I am currently trying to implement DeepSpeech using fastai and I think I am pretty close except one slight problem. It isn’t training. So I want to get some help from the community to hopefully figure out my issue. My current questionable part is with the RNN which I have used LSTM, but I would probably prefer to use a normal RNN since the paper specifically calls it out because if having less memory requirements.
Here is a link to the paper: http://arxiv.org/abs/1412.5567
Here is a link to my github repo: https://github.com/kevinbird15/DeepSpeech-Fastai
A few things I’ve learned going through this. You want to feed spectrograms into this model and have a list of characters spit out from the model. More specifically, you want to slice the spectrogram vertically and feed that into the model along with something referred to in the paper as context or C. This is basically just a number of frames before and after the frame that is being predicted. So these small slices of the spectrogram get fed into the model and a prediction of what character is being spoke is output as the prediction. This is then put into the ctc loss function and a loss is determined.
My current issue/question I’m having is converting the model from the paper into actual code and that’s where I’m hoping the fastai community can help me!
This is what I have as my deepspeech architecture:
class DeepSpeech(nn.Module):
def __init__(self, context=5, bs=64):
super(DeepSpeech, self).__init__()
self.bs = bs
self.context = context
self.h = None#(torch.zeros((2,5,2048)).cuda(),torch.zeros((2,5,2048)).cuda())#None
self.flatten = nn.Flatten()#lambda x: torch.reshape(x,(-1,1,2432))
self.relu = nn.ReLU()
self.h1 = nn.Linear(128*2*self.context+128,2048)
self.h2 = nn.Linear(2048,2048)
self.h3 = nn.Linear(2048,2048)
self.h4 = nn.LSTM(2048,2048,bidirectional=False,batch_first=True)
#self.h4 = nn.RNN(2048,2048, nonlinearity="relu",bidirectional=True)
self.h5 = nn.Linear(2048,29) #ct ∈ {a,b,c, . . . , z, space, apostrophe, blank}
self.softmax = nn.LogSoftmax(dim=2)
def forward(self, x):
x = nn.Flatten(-2,-1)(x)#torch.stack(x,dim=1)
x = self.h1(x)#.clamp(min=0, max=20)
x = self.relu(x)
x = self.h2(x)#.clamp(min=0, max=20)
x = self.relu(x)
x = self.h3(x)#.clamp(min=0, max=20)
x = self.relu(x)
if self.h is None:
;
elif self.h[0].shape[1]>x.size(0):
self.h=tuple([each[:,:x.size(0),:] for each in model.h])
elif self.h[0].shape[1]<x.size(0):
self.h=None#tuple([each.expand(-1,x.size(0),-1) for each in model.h])
x,h = self.h4(x, self.h)
self.h = to_detach(h, cpu=False)
x = x.view(-1,166,1,2048)
x = x.sum(dim=2)
x = self.h5(x)#.clamp(min=0, max=20)
x = self.softmax(x)
return x
The part I would really like somebody to tear apart and crush is my LSTM (self.h4) piece which should be bidirectional=True to match the paper, but I figured this was at least a starting point!
Basically if I don’t do a bunch of weird stuff with my hidden piece (self.h), I get mismatches when my batch size doesn’t make each batch completely full so that is where my hacky work-around comes from.

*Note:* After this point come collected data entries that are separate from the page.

text \<open>Put w_i = v_i^2. The code is self-orthogonal iff the power sums sum_i w_i alpha_i^m
  vanish for every m that is a sum of two row exponents, i.e. for m <= 2k - 3 + r and for
  m = 2h. Lagrange interpolation shows that sum_i u_i p(alpha_i) is the coefficient of x^(n-1)
  of every p of degree < n; with the recursion of the complete homogeneous polynomials this
  gives sum_i u_i alpha_i^m = S_(m-n+1), which is 0 for m < n - 1. Writing w_i = u_i f(alpha_i)
  with f the interpolant of degree < n, the power sums of order <= M vanish exactly when
  deg f <= n - M - 2, and then the power sum of order 2h is sum_j f_j S_(j-s).\<close>

definition exponent_vectors :: "nat \<Rightarrow> nat \<Rightarrow> (nat \<Rightarrow> nat) set" where
  "exponent_vectors n t = {e. (\<forall>i\<ge>n. e i = 0) \<and> (\<Sum>i<n. e i) = t}"

lemma complete_hom_exponent_vectors:
  "complete_hom n alpha t = (\<Sum>e\<in>exponent_vectors n t. \<Prod>i<n. alpha i ^ e i)"
  unfolding complete_hom_def exponent_vectors_def ..

lemma finite_exponent_vectors: "finite (exponent_vectors n t)"
proof (rule finite_subset)
  show "exponent_vectors n t \<subseteq> {e. \<forall>i. (i \<in> {..<n} \<longrightarrow> e i \<in> {..t}) \<and> (i \<notin> {..<n} \<longrightarrow> e i = 0)}"
  proof (intro subsetI CollectI allI conjI impI)
    fix e i assume e: "e \<in> exponent_vectors n t"
    show "e i = 0" if "i \<notin> {..<n}" using e that by (simp add: exponent_vectors_def)
    show "e i \<in> {..t}" if "i \<in> {..<n}"
      using e sum_nonneg_leq_bound[of "{..<n}" e t i] that by (simp add: exponent_vectors_def)
  qed
qed (rule finite_set_of_finite_funs; simp)

lemma exponent_vectors_0: "exponent_vectors n 0 = {\<lambda>_. 0}"
  by (auto simp: exponent_vectors_def intro!: ext) (metis lessThan_iff not_le)

lemma complete_hom_0 [simp]: "complete_hom n alpha 0 = 1"
  by (simp add: complete_hom_exponent_vectors exponent_vectors_0)

lemma complete_hom_0_Suc [simp]: "complete_hom 0 alpha (Suc t) = 0"
  by (simp add: complete_hom_exponent_vectors exponent_vectors_def)

lemma exponent_vectors_Suc_Suc:
  fixes n t :: nat
  defines "bump \<equiv> \<lambda>e. e(n := Suc (e n))"
  shows "exponent_vectors (Suc n) (Suc t) =
           exponent_vectors n (Suc t) \<union> bump ` exponent_vectors (Suc n) t"
    and "exponent_vectors n (Suc t) \<inter> bump ` exponent_vectors (Suc n) t = {}"
proof -
  show "exponent_vectors n (Suc t) \<inter> bump ` exponent_vectors (Suc n) t = {}"
    by (auto simp: bump_def exponent_vectors_def)
  have "e \<in> bump ` exponent_vectors (Suc n) t"
    if "e \<in> exponent_vectors (Suc n) (Suc t)" "e n \<noteq> 0" for e
  proof
    show "e = bump (e(n := e n - 1))" using that(2) by (auto simp: bump_def)
    have "(\<Sum>i<Suc n. (e(n := e n - 1)) i) = (\<Sum>i<n. e i) + (e n - 1)"
      by simp
    then show "e(n := e n - 1) \<in> exponent_vectors (Suc n) t"
      using that by (simp add: exponent_vectors_def)
  qed
  moreover have "exponent_vectors n (Suc t) \<subseteq> exponent_vectors (Suc n) (Suc t)"
    by (auto simp: exponent_vectors_def)
  moreover have "bump ` exponent_vectors (Suc n) t \<subseteq> exponent_vectors (Suc n) (Suc t)"
    by (auto simp: bump_def exponent_vectors_def)
  moreover have "e \<in> exponent_vectors n (Suc t)"
    if "e \<in> exponent_vectors (Suc n) (Suc t)" "e n = 0" for e
    using that by (auto simp: exponent_vectors_def) (metis Suc_leI le_neq_implies_less)
  ultimately show "exponent_vectors (Suc n) (Suc t) =
           exponent_vectors n (Suc t) \<union> bump ` exponent_vectors (Suc n) t"
    by blast
qed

I would also ideally like to get back to .clamp(min=0, max=20) to match the paper better while still being readable.
My CTC loss has been wrong a lot of times already, but I feel ok(ish) about it at this point thanks to a ton of help from @scart97. If there are other questions or if anybody wants to see anything else that I’ve done, let me know.